• _Exercise prompt_:
With the line that contains "finally show ?thesis" as the first line, output exactly every line through the end of the material.

"""

lemma ln_powr_taylor_remainder_le:
  fixes x e b :: real
  assumes b: "\<bar>b\<bar> \<le> 1" and x: "2 * \<bar>e\<bar> + 3 \<le> x"
  shows "\<bar>ln (x + e) powr b - ln x powr b - ln_powr_deriv1 b x * e - ln_powr_deriv2 b x * e^2 / 2\<bar>
         \<le> 19 * \<bar>b\<bar> * \<bar>e\<bar>^3 / x^3"
proof (cases "e = 0")
  case False
  define diff where "diff m = [\<lambda>t. ln t powr b, ln_powr_deriv1 b, ln_powr_deriv2 b, ln_powr_deriv3 b] ! m"
    for m :: nat
  have "DERIV (diff m) t :> diff (Suc m) t" if "m < 3" "x - \<bar>e\<bar> \<le> t" for m t
  proof -
    have "1 < t" using that x by linarith
    with \<open>m < 3\<close> show ?thesis
      using has_real_derivative_ln_powr has_real_derivative_ln_powr_deriv1
        has_real_derivative_ln_powr_deriv2
      by (auto simp: diff_def less_Suc_eq numeral_3_eq_3)
  qed
  then obtain t where t: "if x + e < x then x + e < t \<and> t < x else x < t \<and> t < x + e"
    and taylor: "diff 0 (x + e) = (\<Sum>m<3. diff m x / fact m * (x + e - x)^m) + diff 3 t / fact 3 * (x + e - x)^3"
    using Taylor[of 3 diff "diff 0" "x - \<bar>e\<bar>" "x + \<bar>e\<bar>" x "x + e"] False by force
  have remainder: "ln (x + e) powr b - ln x powr b - ln_powr_deriv1 b x * e - ln_powr_deriv2 b x * e^2 / 2
                   = ln_powr_deriv3 b t * e^3 / 6"
    using taylor by (simp add: diff_def eval_nat_numeral fact_numeral field_simps)
  have t3: "3 \<le> t" and "x / 2 \<le> t" using t x by (auto split: if_splits)
  then have "x^3 \<le> 8 * t^3"
    using power_mono[of "x / 2" t 3] x by (simp add: power_divide mult.commute)
  then have "14 * \<bar>b\<bar> / t^3 \<le> 14 * \<bar>b\<bar> * 8 / x^3"
    using t3 x by (simp add: field_simps mult_left_mono)
  then have "\<bar>ln_powr_deriv3 b t\<bar> * \<bar>e\<bar>^3 / 6 \<le> (14 * \<bar>b\<bar> * 8 / x^3) * \<bar>e\<bar>^3 / 6"
    using abs_ln_powr_deriv3_le[OF b t3] by (intro divide_right_mono mult_right_mono) auto
  also have "\<dots> \<le> 19 * \<bar>b\<bar> * \<bar>e\<bar>^3 / x^3"
    using x by (simp add: field_simps)
  finally show ?thesis
    by (simp add: remainder abs_mult power_abs)
qed simp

"""

• _Task output_:
  finally show ?thesis
    by (simp add: remainder abs_mult power_abs)
qed simp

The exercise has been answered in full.